Thanks fellows, I'm thinking on getting one and I think the colored ones look sharp. Might try Baywatch if I get one.


----------



## FISHBOXFULL (May 9, 2008)

check out Tim at Baywatch, he does the dip... everyone speaks highly of his work. get the pattern you want I think he has digital and regular patterns and I think he was setting up for the real tree patterns


----------



## floorguy (Jul 22, 2011)

Tim is doing my glock in desert tan cant wait


----------



## Cracker (May 15, 2012)

Floorguy,post a pic when you get it back if you don't mind.


----------



## floorguy (Jul 22, 2011)

Cracker said:


> Floorguy,post a pic when you get it back if you don't mind.

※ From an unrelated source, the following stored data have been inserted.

lemma cubic_Routh_Hurwitz:
  fixes mu :: complex and a2 a1 a0 :: real
  assumes "a2 > 0" "a1 > 0" "a0 > 0" "a2 * a1 > a0"
    and root: "mu^3 + of_real a2 * mu^2 + of_real a1 * mu + of_real a0 = 0"
  shows "Re mu < 0"
proof (rule ccontr)
  obtain x y where mu: "mu = Complex x y" by (cases mu)
  assume "\<not> Re mu < 0"
  then have x: "x \<ge> 0" using mu by simp
  have "Re (mu^3 + of_real a2 * mu^2 + of_real a1 * mu + of_real a0) = 0"
       "Im (mu^3 + of_real a2 * mu^2 + of_real a1 * mu + of_real a0) = 0"
    using root by simp_all
  then have re: "x^3 - 3*x*y^2 + a2*(x^2 - y^2) + a1*x + a0 = 0"
    and im: "y * (3*x^2 - y^2 + 2*a2*x + a1) = 0"
    by (simp_all add: mu power3_eq_cube power2_eq_square algebra_simps)
  show False
  proof (cases "y = 0")
    case True
    with re have "x^3 + a2*x^2 + a1*x + a0 = 0" by simp
    moreover have "x^3 + a2*x^2 + a1*x \<ge> 0" using x assms by simp
    ultimately show False using assms by linarith
  next
    case False
    \<comment> \<open>eliminating y^2 makes the real part strictly negative, since a2 a1 > a0\<close>
    with im have y2: "y^2 = 3*x^2 + 2*a2*x + a1" by simp
    have "x^3 - 3*x*y^2 + a2*(x^2 - y^2) + a1*x + a0
       = -8*x^3 - 8*a2*x^2 - (2*a1 + 2*a2^2)*x - (a2*a1 - a0)"
      unfolding y2 by (simp add: algebra_simps power2_eq_square power3_eq_cube)
    moreover have "8*x^3 + 8*a2*x^2 + (2*a1 + 2*a2^2)*x \<ge> 0"
      using x assms by simp
    ultimately show False using re assms by linarith
  qed
qed

lemma endemic_block_eigenvalue_Re_neg:
  fixes J :: "real^'n^'n"
  assumes "block_eigenvalue J {i1, i2, i3} mu" "distinct [i1, i2, i3]"
    and pos: "a > 0" "r > 0" "i > 0" "p > 0" "c > 0"
    and J: "J$i1$i1 = -a - r" "J$i1$i2 = -(i + r)" "J$i1$i3 = c"
           "J$i2$i1 = a" "J$i2$i2 = 0" "J$i2$i3 = -c"
           "J$i3$i1 = 0" "J$i3$i2 = p" "J$i3$i3 = -p"
  shows "Re mu < 0"
proof -
  obtain v1 v2 v3 where nz: "v1 \<noteq> 0 \<or> v2 \<noteq> 0 \<or> v3 \<noteq> 0"
    and ev: "of_real (J$i1$i1) * v1 + of_real (J$i1$i2) * v2 + of_real (J$i1$i3) * v3 = mu * v1"
      "of_real (J$i2$i1) * v1 + of_real (J$i2$i2) * v2 + of_real (J$i2$i3) * v3 = mu * v2"
      "of_real (J$i3$i1) * v1 + of_real (J$i3$i2) * v2 + of_real (J$i3$i3) * v3 = mu * v3"
    using block_eigenvalue_3E[OF assms(1,2)] by blast
  have e1: "(- of_real a - of_real r) * v1 - (of_real i + of_real r) * v2 + of_real c * v3 = mu * v1"
    using ev(1) by (simp add: J algebra_simps)
  have e2: "of_real a * v1 - of_real c * v3 = mu * v2"
    using ev(2) by (simp add: J algebra_simps)
  have e3: "of_real p * v2 - of_real p * v3 = mu * v3"
    using ev(3) by (simp add: J algebra_simps)
  define a2 a1 a0 where "a2 = a + r + p" and "a1 = a * (i + r) + p * (a + r) + c * p"
    and "a0 = p * (r * c + a * i + a * r)"
  \<comment> \<open>the characteristic polynomial of the block, which annihilates every component of the eigenvector\<close>
  define q where "q = mu^3 + of_real a2 * mu^2 + of_real a1 * mu + of_real a0"
  have "q * v1 = 0" "q * v2 = 0" "q * v3 = 0"
    unfolding q_def a2_def a1_def a0_def of_real_add of_real_mult
    using e1 e2 e3 by algebra+
  with nz have "q = 0" by auto
  moreover have "a2 > 0" "a1 > 0" "a0 > 0"
    using pos by (simp_all add: a2_def a1_def a0_def add_pos_pos)
  moreover have "a2 * a1 - a0 = (a + r) * (a * (i + r) + p * (a + r)) + a * c * p + p * p * (a + r) + c * p * p"
    unfolding a2_def a1_def a0_def by (simp add: algebra_simps)
  then have "a2 * a1 > a0"
    using pos by (smt (verit) mult_pos_pos add_pos_pos)
  ultimately show ?thesis
    using cubic_Routh_Hurwitz[of a2 a1 a0 mu] by (simp add: q_def)
qed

I will tim is a nice guy and really takes pride in his work good prices should get back this week


----------



## jpwalnuthill (Feb 12, 2010)

This is one Tim done for me several months ago. Have shot several hundred rounds thru any no issues.


----------



## bobinbusan (Feb 16, 2010)

Cracker, if you got kids haning around the house, see if they will do it for you, see what kind of talent they have :thumbup: :thumbup: :thumbsup: :thumbsup: :whistling::whistling:


----------



## Cracker (May 15, 2012)

bobinbusan said:


> Cracker, if you got kids haning around the house, see if they will do it for you, see what kind of talent they have :thumbup: :thumbup: :thumbsup: :thumbsup: :whistling::whistling:


 No kids but if u got a extra one laying around id like to see what talents I have.:thumbup:


----------



## Cracker (May 15, 2012)

JP, that thing looks good. I'll for sure be getting with him when I get one.


----------